### Data for analysis
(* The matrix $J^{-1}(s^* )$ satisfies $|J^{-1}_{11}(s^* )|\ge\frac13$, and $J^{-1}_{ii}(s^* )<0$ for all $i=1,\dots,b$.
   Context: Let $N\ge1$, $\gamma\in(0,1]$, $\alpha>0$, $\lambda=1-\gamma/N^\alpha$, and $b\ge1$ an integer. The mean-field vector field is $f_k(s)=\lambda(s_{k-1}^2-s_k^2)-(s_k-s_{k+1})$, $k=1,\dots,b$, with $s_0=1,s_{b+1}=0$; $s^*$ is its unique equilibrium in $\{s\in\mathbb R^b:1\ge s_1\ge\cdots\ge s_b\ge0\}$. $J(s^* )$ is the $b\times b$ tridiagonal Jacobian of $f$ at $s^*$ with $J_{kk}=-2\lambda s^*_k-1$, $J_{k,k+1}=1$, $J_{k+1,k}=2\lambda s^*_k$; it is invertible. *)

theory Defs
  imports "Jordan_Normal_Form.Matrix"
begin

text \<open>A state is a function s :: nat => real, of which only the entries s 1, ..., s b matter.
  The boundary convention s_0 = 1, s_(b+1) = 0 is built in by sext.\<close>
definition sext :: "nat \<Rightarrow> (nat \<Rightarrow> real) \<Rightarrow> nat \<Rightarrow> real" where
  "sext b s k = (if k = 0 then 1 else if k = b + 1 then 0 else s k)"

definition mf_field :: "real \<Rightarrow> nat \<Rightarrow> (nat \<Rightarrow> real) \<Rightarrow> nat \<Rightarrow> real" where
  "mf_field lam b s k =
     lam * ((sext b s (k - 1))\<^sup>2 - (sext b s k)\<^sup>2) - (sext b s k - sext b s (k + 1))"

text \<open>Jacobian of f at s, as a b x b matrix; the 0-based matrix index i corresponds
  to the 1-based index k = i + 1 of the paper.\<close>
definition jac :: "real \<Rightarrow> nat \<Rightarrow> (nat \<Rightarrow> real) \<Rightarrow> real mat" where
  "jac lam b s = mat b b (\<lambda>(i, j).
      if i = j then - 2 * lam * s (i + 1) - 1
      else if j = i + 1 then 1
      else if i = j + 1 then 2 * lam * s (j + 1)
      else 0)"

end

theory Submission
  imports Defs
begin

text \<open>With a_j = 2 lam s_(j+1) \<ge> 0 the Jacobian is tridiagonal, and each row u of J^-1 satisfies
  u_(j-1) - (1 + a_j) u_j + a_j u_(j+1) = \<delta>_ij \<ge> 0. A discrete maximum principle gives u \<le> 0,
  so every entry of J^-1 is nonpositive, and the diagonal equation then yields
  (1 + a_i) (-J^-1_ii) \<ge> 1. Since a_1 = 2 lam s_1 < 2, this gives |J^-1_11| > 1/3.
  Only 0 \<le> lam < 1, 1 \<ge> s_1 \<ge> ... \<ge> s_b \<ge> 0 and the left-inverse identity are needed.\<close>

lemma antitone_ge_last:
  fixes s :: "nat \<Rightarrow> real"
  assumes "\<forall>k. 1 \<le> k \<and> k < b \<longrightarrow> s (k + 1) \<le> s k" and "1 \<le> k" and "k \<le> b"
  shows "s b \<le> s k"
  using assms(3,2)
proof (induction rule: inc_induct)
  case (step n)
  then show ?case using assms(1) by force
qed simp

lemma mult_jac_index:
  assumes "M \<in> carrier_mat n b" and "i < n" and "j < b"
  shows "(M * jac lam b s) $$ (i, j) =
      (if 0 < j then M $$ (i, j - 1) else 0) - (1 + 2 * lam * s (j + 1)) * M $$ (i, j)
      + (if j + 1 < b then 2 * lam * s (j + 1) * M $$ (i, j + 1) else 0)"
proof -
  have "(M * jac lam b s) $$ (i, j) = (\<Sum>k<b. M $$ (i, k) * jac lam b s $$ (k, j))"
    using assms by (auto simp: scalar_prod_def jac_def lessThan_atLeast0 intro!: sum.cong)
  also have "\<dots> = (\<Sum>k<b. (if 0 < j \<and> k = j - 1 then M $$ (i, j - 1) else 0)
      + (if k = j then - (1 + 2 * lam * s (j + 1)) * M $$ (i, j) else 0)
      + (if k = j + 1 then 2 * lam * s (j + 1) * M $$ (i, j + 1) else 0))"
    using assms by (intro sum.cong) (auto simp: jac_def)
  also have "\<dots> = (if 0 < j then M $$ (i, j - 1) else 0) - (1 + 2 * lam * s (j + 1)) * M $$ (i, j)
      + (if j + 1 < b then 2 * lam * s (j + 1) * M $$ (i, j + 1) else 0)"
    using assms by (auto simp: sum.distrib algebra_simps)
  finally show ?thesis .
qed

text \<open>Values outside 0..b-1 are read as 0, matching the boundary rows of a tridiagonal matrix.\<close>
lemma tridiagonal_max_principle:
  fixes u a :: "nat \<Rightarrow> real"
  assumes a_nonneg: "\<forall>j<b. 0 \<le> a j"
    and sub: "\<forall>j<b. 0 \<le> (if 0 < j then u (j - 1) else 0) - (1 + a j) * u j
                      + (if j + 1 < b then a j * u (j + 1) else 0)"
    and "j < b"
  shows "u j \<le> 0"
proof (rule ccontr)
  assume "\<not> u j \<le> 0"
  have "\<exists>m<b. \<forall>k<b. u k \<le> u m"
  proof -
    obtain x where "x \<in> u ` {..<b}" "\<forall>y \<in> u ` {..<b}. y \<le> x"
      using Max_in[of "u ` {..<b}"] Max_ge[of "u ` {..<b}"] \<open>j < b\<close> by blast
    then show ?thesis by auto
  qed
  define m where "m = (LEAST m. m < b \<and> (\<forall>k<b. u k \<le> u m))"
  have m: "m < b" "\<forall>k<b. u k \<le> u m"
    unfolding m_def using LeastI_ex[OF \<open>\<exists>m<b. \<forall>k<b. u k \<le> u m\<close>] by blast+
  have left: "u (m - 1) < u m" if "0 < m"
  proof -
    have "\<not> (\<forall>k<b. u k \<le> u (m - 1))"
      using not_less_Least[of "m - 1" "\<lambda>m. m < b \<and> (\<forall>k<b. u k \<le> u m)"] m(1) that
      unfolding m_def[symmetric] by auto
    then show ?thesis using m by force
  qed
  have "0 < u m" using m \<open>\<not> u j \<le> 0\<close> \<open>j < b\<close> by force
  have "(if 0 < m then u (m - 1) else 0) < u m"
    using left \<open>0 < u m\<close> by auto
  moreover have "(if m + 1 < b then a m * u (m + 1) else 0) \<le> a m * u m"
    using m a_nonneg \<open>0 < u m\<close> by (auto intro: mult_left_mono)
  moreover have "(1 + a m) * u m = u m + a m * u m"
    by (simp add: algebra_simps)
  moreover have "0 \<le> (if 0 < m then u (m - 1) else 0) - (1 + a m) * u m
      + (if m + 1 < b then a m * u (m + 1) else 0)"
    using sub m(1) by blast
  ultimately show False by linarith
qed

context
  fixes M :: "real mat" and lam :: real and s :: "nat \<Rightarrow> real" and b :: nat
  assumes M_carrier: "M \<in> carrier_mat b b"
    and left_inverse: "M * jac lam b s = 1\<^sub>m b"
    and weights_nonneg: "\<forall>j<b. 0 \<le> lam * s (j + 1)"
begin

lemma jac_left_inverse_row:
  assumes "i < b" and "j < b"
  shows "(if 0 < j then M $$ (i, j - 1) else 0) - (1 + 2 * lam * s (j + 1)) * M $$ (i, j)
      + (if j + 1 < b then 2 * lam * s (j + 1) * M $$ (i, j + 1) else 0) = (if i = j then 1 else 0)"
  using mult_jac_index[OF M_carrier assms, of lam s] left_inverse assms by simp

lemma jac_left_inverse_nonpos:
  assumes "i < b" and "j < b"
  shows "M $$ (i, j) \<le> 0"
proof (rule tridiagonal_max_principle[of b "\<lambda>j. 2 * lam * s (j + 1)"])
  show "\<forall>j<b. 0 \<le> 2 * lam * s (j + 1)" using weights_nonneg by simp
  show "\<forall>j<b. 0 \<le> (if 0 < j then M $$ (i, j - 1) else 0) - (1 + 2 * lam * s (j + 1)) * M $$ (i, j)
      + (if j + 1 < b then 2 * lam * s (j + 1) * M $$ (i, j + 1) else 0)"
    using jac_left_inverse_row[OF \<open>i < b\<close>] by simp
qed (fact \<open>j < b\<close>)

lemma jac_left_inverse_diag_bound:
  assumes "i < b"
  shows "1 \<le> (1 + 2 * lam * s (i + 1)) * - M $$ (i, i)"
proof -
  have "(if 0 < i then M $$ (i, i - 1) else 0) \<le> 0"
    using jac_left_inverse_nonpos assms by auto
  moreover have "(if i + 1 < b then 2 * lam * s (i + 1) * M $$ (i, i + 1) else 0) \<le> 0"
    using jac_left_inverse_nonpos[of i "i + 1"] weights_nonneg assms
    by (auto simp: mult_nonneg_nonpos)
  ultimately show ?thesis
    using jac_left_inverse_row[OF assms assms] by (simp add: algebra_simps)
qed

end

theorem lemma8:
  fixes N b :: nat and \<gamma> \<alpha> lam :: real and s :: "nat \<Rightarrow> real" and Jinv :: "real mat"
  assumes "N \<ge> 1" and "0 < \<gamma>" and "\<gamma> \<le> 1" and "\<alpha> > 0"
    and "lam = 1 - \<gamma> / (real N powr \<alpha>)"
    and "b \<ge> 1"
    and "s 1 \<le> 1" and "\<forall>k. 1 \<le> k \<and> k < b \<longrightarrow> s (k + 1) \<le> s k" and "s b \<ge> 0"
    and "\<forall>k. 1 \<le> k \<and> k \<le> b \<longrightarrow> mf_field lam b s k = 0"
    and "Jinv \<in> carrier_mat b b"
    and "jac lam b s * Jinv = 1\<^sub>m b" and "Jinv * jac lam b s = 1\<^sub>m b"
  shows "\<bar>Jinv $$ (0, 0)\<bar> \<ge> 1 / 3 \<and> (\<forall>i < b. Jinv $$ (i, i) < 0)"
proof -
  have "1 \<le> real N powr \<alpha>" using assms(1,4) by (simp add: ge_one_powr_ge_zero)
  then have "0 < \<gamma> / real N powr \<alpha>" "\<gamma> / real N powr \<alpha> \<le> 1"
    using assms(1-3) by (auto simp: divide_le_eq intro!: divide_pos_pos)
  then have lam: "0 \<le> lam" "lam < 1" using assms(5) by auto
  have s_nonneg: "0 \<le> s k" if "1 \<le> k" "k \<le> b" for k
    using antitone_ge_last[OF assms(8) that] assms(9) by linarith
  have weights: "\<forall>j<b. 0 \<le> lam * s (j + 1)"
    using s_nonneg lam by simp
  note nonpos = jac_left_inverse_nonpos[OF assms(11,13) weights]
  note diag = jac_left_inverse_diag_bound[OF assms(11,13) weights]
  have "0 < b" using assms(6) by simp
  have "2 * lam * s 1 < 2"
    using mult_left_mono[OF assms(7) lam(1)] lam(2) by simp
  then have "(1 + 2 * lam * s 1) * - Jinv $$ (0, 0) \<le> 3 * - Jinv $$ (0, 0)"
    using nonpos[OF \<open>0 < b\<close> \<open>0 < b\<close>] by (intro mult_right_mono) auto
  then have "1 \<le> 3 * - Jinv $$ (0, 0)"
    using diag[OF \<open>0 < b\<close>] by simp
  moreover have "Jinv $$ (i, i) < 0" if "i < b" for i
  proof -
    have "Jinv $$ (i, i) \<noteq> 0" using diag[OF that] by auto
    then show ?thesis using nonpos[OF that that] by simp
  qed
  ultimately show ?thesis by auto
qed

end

### What you should do
Wherever the string "dots" appears in the records above, copy the line it sits in.

### Expected answer
(* The matrix $J^{-1}(s^* )$ satisfies $|J^{-1}_{11}(s^* )|\ge\frac13$, and $J^{-1}_{ii}(s^* )<0$ for all $i=1,\dots,b$.
   Context: Let $N\ge1$, $\gamma\in(0,1]$, $\alpha>0$, $\lambda=1-\gamma/N^\alpha$, and $b\ge1$ an integer. The mean-field vector field is $f_k(s)=\lambda(s_{k-1}^2-s_k^2)-(s_k-s_{k+1})$, $k=1,\dots,b$, with $s_0=1,s_{b+1}=0$; $s^*$ is its unique equilibrium in $\{s\in\mathbb R^b:1\ge s_1\ge\cdots\ge s_b\ge0\}$. $J(s^* )$ is the $b\times b$ tridiagonal Jacobian of $f$ at $s^*$ with $J_{kk}=-2\lambda s^*_k-1$, $J_{k,k+1}=1$, $J_{k+1,k}=2\lambda s^*_k$; it is invertible. *)
  also have "\<dots> = (\<Sum>k<b. (if 0 < j \<and> k = j - 1 then M $$ (i, j - 1) else 0)
  also have "\<dots> = (if 0 < j then M $$ (i, j - 1) else 0) - (1 + 2 * lam * s (j + 1)) * M $$ (i, j)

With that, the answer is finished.